The Emma Lazarus poem engraved at the base of Statue of Liberty invites the tired, the poor, the huddled masses, and the wretched to the nation’s shores. With much less grace, the tired, poor, and wretched of our society often make their way to the offices of attorneys who seek to defend them in the face of allegations for offenses that are themselves the products of discrimination, undeniable societal schisms, and living conditions and subcultures that poison and stigmatize. We have come to think of these defendants as hapless and unfortunate recipients of social injustice. The broad scope of social injustice is difficult to change. However, the hapless defendants who become litigants offer an opportunity to make a difference, albeit on a short-term basis with a clientele that poses substantial challenges.

We start with the undeniable fact that many aspects of the U.S. court system have enormous rolling momentum that keeps such hapless defendants uninformed, unprepared, and, for the most part, unsuccessful in their own defense. These defendants are sometimes seen as doomed when defended by public defenders with oppressively heavy caseloads or by court appointed attorneys who have little time to work with them. This article is about the need for quick and effective transformations in representation and interactions so that such defendants have a modestly improved chance of success at their own trials.

Before we move into solutions, some major impediments to success must be noted. Hapless defendants are often irresponsible, difficult to deal with, and even infuriating. That is, they may not show up for appointments as scheduled and often make excuses for their absence. They can appear, when they finally do appear, in dirty clothes, unkempt hair, and they might have poor hygiene. They often do not listen well; in fact, a discussion of legal issues often runs into fatalism, pessimism, or a sense of being distracted, bewildered, or uninterested in what is being said. Information about plea options rarely gets into any nuanced issues, if such attorney-client discussions get into many issues at all. These clients are often insistent about simple and palpably improbable alibis.

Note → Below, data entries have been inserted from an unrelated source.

lemma bundle_relation_iff_decomposition:
  assumes "m \<le> r" and supp: "\<forall>\<rho>. \<rho> \<notin> bundle_rays r \<longrightarrow> b \<rho> = 0"
  shows "(\<forall>k\<le>r. (\<Sum>\<rho>\<in>bundle_rays r. b \<rho> * real_of_int (bundle_u r c \<rho> k)) = 0) \<longleftrightarrow>
         b = (\<lambda>\<rho>. b (Fib m) * fibre_class r \<rho> + b Down * section_class r c m \<rho>)"
    (is "?rel \<longleftrightarrow> b = ?dec")
proof
  assume rel: ?rel
  have up: "b Up = b Down"
    using rel[rule_format, of r] by (simp add: bundle_relation_base_coord)
  have fib: "b (Fib i) = b (Fib 0) - b Down * real_of_int (c i - c 0)" if "i \<le> r" for i
  proof (cases i)
    case (Suc k)
    with that rel[rule_format, of k] show ?thesis
      by (simp add: bundle_relation_fibre_coord algebra_simps)
  qed simp
  show "b = ?dec"
  proof
    fix \<rho> show "b \<rho> = ?dec \<rho>"
    proof (cases \<rho>)
      case (Fib i)
      show ?thesis
      proof (cases "i \<le> r")
        case True
        then show ?thesis using Fib fib[of i] fib[of m] \<open>m \<le> r\<close>
          by (simp add: fibre_class_def section_class_def algebra_simps)
      next
        case False
        then have "Fib i \<notin> bundle_rays r" by (auto simp: bundle_rays_def)
        then show ?thesis using Fib False supp by (simp add: fibre_class_def section_class_def)
      qed
    qed (simp_all add: up fibre_class_def section_class_def)
  qed
next
  assume dec: "b = ?dec"
  have fib: "b (Fib i) = b (Fib m) + b Down * real_of_int (c m - c i)" if "i \<le> r" for i
    using fun_cong[OF dec, of "Fib i"] that by (simp add: fibre_class_def section_class_def)
  have up: "b Up = b Down"
    using fun_cong[OF dec, of Up] by (simp add: fibre_class_def section_class_def)
  show ?rel
  proof (intro allI impI)
    fix k assume "k \<le> r"
    then consider "k < r" | "k = r" by linarith
    then show "(\<Sum>\<rho>\<in>bundle_rays r. b \<rho> * real_of_int (bundle_u r c \<rho> k)) = 0"
    proof cases
      case 1
      then show ?thesis using fib[of "Suc k"] fib[of 0]
        by (simp add: bundle_relation_fibre_coord algebra_simps)
    qed (simp add: bundle_relation_base_coord up)
  qed
qed
lemma inner_matrix_vector_mult_left: "(A *v x) \<bullet> z = x \<bullet> (transpose A *v (z::real^'n))"
  by (metis dot_lmul_matrix vector_transpose_matrix)

lemma matrix_mul_neg_cancel: "A ** B = - mat 1 \<Longrightarrow> X ** A ** B = - (X::'a::ring_1^'n^'m)"
  by (metis matrix_mul_assoc matrix_mul_rid matrix_mul_uminus_right)

section \<open>Hermitian complex structures on a Euclidean vector space\<close>

definition metric_matrix :: "real^'n^'n \<Rightarrow> bool" where
  "metric_matrix G \<longleftrightarrow> transpose G = G \<and> (\<forall>v. v \<noteq> 0 \<longrightarrow> 0 < v \<bullet> (G *v v))"

definition hermitian_cs :: "real^'n^'n \<Rightarrow> real^'n^'n \<Rightarrow> bool" where
  "hermitian_cs G A \<longleftrightarrow> A ** A = - mat 1 \<and> transpose A ** G ** A = G"

lemma hermitian_cs_transpose_mult:
  assumes "hermitian_cs G A"
  shows "transpose A ** G = - (G ** A)"
proof -
  have "transpose A ** G ** (A ** A) = (transpose A ** G ** A) ** A"
    by (simp only: matrix_mul_assoc)
  then have "transpose A ** G ** (A ** A) = G ** A"
    using assms by (simp add: hermitian_cs_def)
  moreover have "transpose A ** G ** (A ** A) = - (transpose A ** G)"
    using assms by (simp add: hermitian_cs_def matrix_mul_uminus_right)
  ultimately show ?thesis by (metis minus_minus)
qed

lemma hermitian_cs_orthogonal_transpose:
  assumes "hermitian_cs (mat 1) A"
  shows "transpose A = - A"
  using hermitian_cs_transpose_mult[OF assms] by simp

lemma metric_matrix_inverse:
  assumes "metric_matrix G"
  shows "matrix_inv G ** G = mat 1" "G ** matrix_inv G = mat 1"
    "transpose (matrix_inv G) = matrix_inv G"
proof -
  have "inj ((*v) G)"
  proof (rule injI)
    fix v w assume "G *v v = G *v w"
    then have "(v - w) \<bullet> (G *v (v - w)) = 0" by (simp add: matrix_vector_mult_diff_distrib)
    then show "v = w" using assms by (metis metric_matrix_def less_irrefl right_minus_eq)
  qed
  then obtain B where "B ** G = mat 1"
    using matrix_left_invertible_injective by blast
  then have "invertible G"
    using invertible_left_inverse by blast
  then have "G ** matrix_inv G = mat 1 \<and> matrix_inv G ** G = mat 1"
    unfolding invertible_def matrix_inv_def by (rule someI_ex)
  then show "matrix_inv G ** G = mat 1" and r: "G ** matrix_inv G = mat 1" by auto
  have left: "transpose (matrix_inv G) ** G = mat 1"
    using r assms unfolding metric_matrix_def by (metis matrix_transpose_mul transpose_mat)
  have "transpose (matrix_inv G) = transpose (matrix_inv G) ** (G ** matrix_inv G)"
    using r by simp
  also have "\<dots> = matrix_inv G"
    using left by (simp add: matrix_mul_assoc)
  finally show "transpose (matrix_inv G) = matrix_inv G" .
qed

Hapless defendants are instantly recognizable by their speech, appearance, gestures, and role-taking. There is the defendant who glares stone-faced at the judge or jury, or who has a poor attitude that serves to alienate everyone. These defendants might ramble, have trouble forming coherent sentences, or they can come across as angry, petulant, or sly. They can look so odd or socially different from other courtroom actors that they fail to elicit sympathy from triers of fact for supposedly objective evaluations of guilt or innocence. In a recent case that we observed in District Court, a house painter with disheveled hair arrived late in torn and spattered t-shirt and overalls, after which the judge curtly adjourned the proceedings and sent him home to clean up. In another case, a young man played up to the crowd by giggling, gesturing, and acting as if it were all a joke. The judge took a dim view of this behavior as well and promptly denied bail and sent him to jail.

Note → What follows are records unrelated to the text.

(* Eisenstein's criterion at the prime V for the reversed polynomial N Y^n + D, stated for
   nonzero multiples \<alpha> P so that no fraction field of 'k[V] is needed. *)
lemma eisenstein_reversed:
  fixes D N \<alpha> :: "'k::field poly" and R S :: "'k poly poly"
  assumes D: "coeff D 0 = 0" "coeff D 1 \<noteq> 0" and N: "coeff N 0 \<noteq> 0"
    and "\<alpha> \<noteq> 0" and "R * S = smult \<alpha> (monom D n + monom N 0)"
  shows "degree R = 0 \<or> degree S = 0"
  using assms(4,5)
proof (induction "degree \<alpha>" arbitrary: \<alpha> R S rule: less_induct)
  case less
  let ?P = "monom D n + monom N 0" and ?red = "map_poly (\<lambda>c :: 'k poly. coeff c 0)"
  have red_mult: "?red (A * B) = ?red A * ?red B" for A B
    by (rule map_poly_mult_hom) (simp_all add: coeff_mult_0)
  have "?red ?P = [:coeff N 0:]"
    using D(1) by (simp add: map_poly_add_hom map_poly_monom monom_0 map_poly_pCons)
  moreover have red_smult: "?red (smult c A) = smult (coeff c 0) (?red A)" for c A
    by (rule map_poly_smult) (simp_all add: coeff_mult_0)
  ultimately have red_RS: "?red R * ?red S = [:coeff \<alpha> 0 * coeff N 0:]"
    using arg_cong[OF less.prems(2), of ?red] by (simp add: red_mult)
  show ?case
  proof (cases "coeff \<alpha> 0 = 0")
    case True
    then obtain \<alpha>' where \<alpha>': "\<alpha> = [:0, 1:] * \<alpha>'"
      using poly_eq_0_iff_dvd[of \<alpha> 0] by (auto simp: poly_0_coeff_0 elim: dvdE)
    with less.prems(1) have "\<alpha>' \<noteq> 0" and "degree \<alpha>' < degree \<alpha>"
      by (auto simp: degree_mult_eq)
    have trivial_reduction: "degree R' = 0 \<or> degree S' = 0"
      if "?red R' = 0" and "R' * S' = smult \<alpha> ?P" for R' S'
    proof -
      define R'' where "R'' = map_poly (\<lambda>c. c div [:0, 1:]) R'"
      have R': "R' = smult [:0, 1:] R''"
        unfolding R''_def by (rule smult_X_if_coeffs_vanish_at_0) fact
      have "smult [:0, 1:] (R'' * S') = smult [:0, 1:] (smult \<alpha>' ?P)"
        using that(2) unfolding R' \<alpha>' by (simp add: mult.assoc)
      then have "R'' * S' = smult \<alpha>' ?P"
        by (rule smult_cancel[rotated]) simp
      then have "degree R'' = 0 \<or> degree S' = 0"
        by (rule less.hyps[OF \<open>degree \<alpha>' < degree \<alpha>\<close> \<open>\<alpha>' \<noteq> 0\<close>])
      then show ?thesis
        by (simp add: R')
    qed
    have "?red R = 0 \<or> ?red S = 0"
      using red_RS True by simp
    then show ?thesis
    proof
      assume "?red R = 0"
      then show ?thesis
        using less.prems(2) by (rule trivial_reduction)
    next
      assume "?red S = 0"
      moreover have "S * R = smult \<alpha> ?P"
        using less.prems(2) by (simp only: mult.commute)
      ultimately have "degree S = 0 \<or> degree R = 0"
        by (rule trivial_reduction)
      then show ?thesis
        by (simp only: disj_commute)
    qed
  next
    case False
    show ?thesis
    proof (rule ccontr)
      assume "\<not> (degree R = 0 \<or> degree S = 0)"
      then have R: "degree R \<noteq> 0" and S: "degree S \<noteq> 0"
        by auto
      have "?red R \<noteq> 0" and "?red S \<noteq> 0" and "degree (?red R * ?red S) = 0"
        using red_RS False N by auto
      then have "degree (?red R) = 0" and "degree (?red S) = 0"
        by (simp_all add: degree_mult_eq)
      moreover have "coeff (lead_coeff A) 0 = 0" if "degree (?red A) = 0" and "degree A \<noteq> 0" for A
        using that coeff_eq_0[of "?red A" "degree A"] by (simp add: coeff_map_poly)
      ultimately have "coeff (lead_coeff R) 0 = 0" and "coeff (lead_coeff S) 0 = 0"
        using R S by simp_all
      then obtain k l where "lead_coeff R = [:0, 1:] * k" and "lead_coeff S = [:0, 1:] * l"
        using poly_eq_0_iff_dvd[of "lead_coeff R" 0] poly_eq_0_iff_dvd[of "lead_coeff S" 0]
        by (auto simp: poly_0_coeff_0 elim!: dvdE)
      then have lead_RS: "lead_coeff (R * S) = monom 1 2 * (k * l)"
        by (simp add: lead_coeff_mult monom_altdef power2_eq_square mult_ac)
      have "D \<noteq> 0"
        using D(2) by auto
      have "2 \<le> degree (R * S)"
        using R S by (subst degree_mult_eq) auto
      then have "0 < n"
        using less.prems by (auto simp: degree_monom_plus_const[OF \<open>D \<noteq> 0\<close>])
      then have "lead_coeff (R * S) = \<alpha> * D"
        unfolding less.prems(2) lead_coeff_smult
        by (simp only: lead_coeff_monom_plus_const[OF \<open>D \<noteq> 0\<close>])
      then have "\<alpha> * D = monom 1 2 * (k * l)"
        using lead_RS by simp
      then have "coeff (\<alpha> * D) 1 = 0"
        by (simp add: coeff_monom_mult)
      moreover have "coeff (\<alpha> * D) 1 = coeff \<alpha> 0 * coeff D 1"
        using D(1) by (simp add: coeff_mult numeral_2_eq_2 atMost_Suc)
      ultimately show False
        using False D(2) by simp
    qed
  qed
qed

section \<open>The relations of a point on \<open>(V^q - V) Y^n + N(V) = 0\<close>\<close>

abbreviation curve_poly :: "nat \<Rightarrow> 'f::{finite,field} poly \<Rightarrow> 'f poly poly" where
  "curve_poly n N \<equiv> monom vanishing_poly n + monom N 0"

lemma dvd_if_dvd_smult_vanishing_poly:
  fixes N :: "'f::{finite,field} poly"
  assumes N: "\<And>c. poly N c \<noteq> 0" and "curve_poly n N dvd smult vanishing_poly Z"
  shows "curve_poly n N dvd Z"
proof -
  obtain T where T: "smult vanishing_poly Z = curve_poly n N * T"
    using assms(2) by (rule dvdE)
  have "curve_poly n N * T = smult vanishing_poly (monom 1 n * T) + smult N T"
    by (simp add: distrib_right monom_0 smult_monom flip: mult_smult_left)
  then have "smult N T = smult vanishing_poly (Z - monom 1 n * T)"
    using T by (simp add: smult_diff_right)
  then have coeff_T: "N * coeff T i = vanishing_poly * coeff (Z - monom 1 n * T) i" for i
    by (metis coeff_smult)
  have dvd_coeff_T: "vanishing_poly dvd coeff T i" for i
    unfolding vanishing_poly_dvd_iff
  proof
    fix c
    have "poly N c * poly (coeff T i) c = 0"
      using arg_cong[OF coeff_T[of i], of "\<lambda>p. poly p c"]
      by (simp add: finite_field_power_card_eq_self)
    then show "poly (coeff T i) c = 0"
      using N by simp
  qed
  define T' where "T' = map_poly (\<lambda>c. c div vanishing_poly) T"
  have "T = smult vanishing_poly T'"
    using dvd_coeff_T by (intro poly_eqI) (simp add: T'_def coeff_map_poly)
  then have "smult vanishing_poly Z = smult vanishing_poly (curve_poly n N * T')"
    using T by (metis mult_smult_right)
  then have "Z = curve_poly n N * T'"
    by (rule smult_cancel[rotated]) (rule vanishing_poly_nonzero)
  then show ?thesis
    by simp
qed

Rather than a halo effect, as when an attractive defendant receives a better verdict or shorter sentence because of good looks, charm, and nice manners, the hapless defendant has a horns effect, with measurable negative effects on verdicts and sentencing. In a study of mock juror attitudes, Taylor (2008) found that unattractive defendants drew the short straw compared to more attractive ones, who were less likely to be convicted and more likely to receive shorter sentences. There were racial overtones as well; while Black and White mock defendants were treated equally in terms of the verdict, African-Americans were given longer sentences if they were found guilty. While the attractiveness-leniency bias is well established in such cases, in our recommendations we suggest possible ways in which to counter this unattractiveness effect. Still, the literature is sparse with respect to misbehavior, poor clothing choices, physical differences, or behavioral oddities. The results of the Taylor study suggest that personal or racial biases intensify in the presence of a defendant’s personal flaws, but research is needed to investigate the juridical effect of being hapless along with other factors such as race and social class.

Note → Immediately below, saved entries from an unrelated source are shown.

lemma l2_bounded_Q_op: "l2_bounded (Q_op E) M"
proof -
  have "cmod (of_nat (deg E x) - 1 :: complex) \<le> M" for x
  proof -
    have "cmod (of_nat (deg E x) - 1 :: complex) = \<bar>real (deg E x) - 1\<bar>"
      by (metis norm_of_real of_real_1 of_real_diff of_real_of_nat_eq)
    then show ?thesis using deg_le_max_deg[of x] max_deg_ge_1 by simp
  qed
  then have "l2_bounded (\<lambda>f x. (of_nat (deg E x) - 1) * f x) M" by (rule l2_bounded_mult)
  then show ?thesis by (simp add: Q_op_def[abs_def])
qed

lemma norm_deg_minus_2_le: "cmod (of_nat (deg E x) - 2 :: complex) \<le> M + 2"
proof -
  have "cmod (of_nat (deg E x) - 2 :: complex) = \<bar>real (deg E x) - 2\<bar>"
    by (metis norm_of_real of_real_diff of_real_numeral of_real_of_nat_eq)
  then show ?thesis using deg_le_max_deg[of x] by simp
qed

lemma finite_geodesic_extensions: "finite (geodesic_extensions E m p)"
  unfolding geodesic_extensions_def using finite_nbrs by auto

lemma finite_geo_paths: "finite (geo_paths E x m)"
  by (induction m) (simp_all add: geo_paths_0 geo_paths_Suc finite_geodesic_extensions)

lemma sum_geo_paths_Suc:
  "(\<Sum>q\<in>geo_paths E x (Suc m). h q) =
     (\<Sum>p\<in>geo_paths E x m. \<Sum>y\<in>geodesic_extensions E m p. h (p @ [y]))"
proof -
  have "inj_on (\<lambda>(p, y). p @ [y]) (SIGMA p:geo_paths E x m. geodesic_extensions E m p)"
    by (auto simp: inj_on_def)
  then have "(\<Sum>q\<in>geo_paths E x (Suc m). h q) =
      (\<Sum>(p, y)\<in>(SIGMA p:geo_paths E x m. geodesic_extensions E m p). h (p @ [y]))"
    unfolding geo_paths_Suc by (simp add: sum.reindex case_prod_unfold)
  also have "\<dots> = (\<Sum>p\<in>geo_paths E x m. \<Sum>y\<in>geodesic_extensions E m p. h (p @ [y]))"
    by (rule sum.Sigma[symmetric]) (simp_all add: finite_geo_paths finite_geodesic_extensions)
  finally show ?thesis .
qed

lemma card_geo_paths_le: "card (geo_paths E x m) \<le> max_deg E ^ m"
proof (induction m)
  case (Suc m)
  have "card (geodesic_extensions E m p) \<le> max_deg E" for p
    using card_mono[OF finite_nbrs, of "geodesic_extensions E m p" "last p"] deg_le_max_deg[of "last p"]
    by (auto simp: geodesic_extensions_def card_nbrs)
  then have "(\<Sum>p\<in>geo_paths E x m. card (geodesic_extensions E m p)) \<le> (\<Sum>p\<in>geo_paths E x m. max_deg E)"
    by (rule sum_mono)
  then have "card (geo_paths E x (Suc m)) \<le> (\<Sum>p\<in>geo_paths E x m. max_deg E)"
    using sum_geo_paths_Suc[where h="\<lambda>q. 1::nat"] by simp
  also have "\<dots> \<le> max_deg E ^ Suc m"
    using Suc mult_right_mono[OF Suc.IH, of "max_deg E"] by (simp add: mult.commute)
  finally show ?case .
qed (simp add: geo_paths_0)

lemma C_op_0: "C_op E 0 = (\<lambda>f. f)"
  by (simp add: fun_eq_iff C_op_def geo_paths_0)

Searcy, Duck & Blanck (2012) state that jurors’ hackles are raised when norms of proper demeanor are violated, and evaluations of guilt or innocence will be made accordingly. In terms of self-presentation, Milford (2001, p. 4) wrote “We must devote some of the same care that we put into presenting the law into presenting ourselves.” The courtroom is organized into high status and low status people, so it is not surprising that misunderstandings abound, and that unkempt appearance and unpolished behavior, which includes lack of deference to authority, is judged poorly. As a rule, low status defendants will be judged more harshly than high status ones, simply because social power resides in recognizing and acting upon the rules of courtroom etiquette in order to secure the best outcome. Defendants who do not follow the rule “wear to court what you wear to church” jeopardize their case.  If they slouch, sneer, or look like a loser, they are more likely to be found guilty as charged.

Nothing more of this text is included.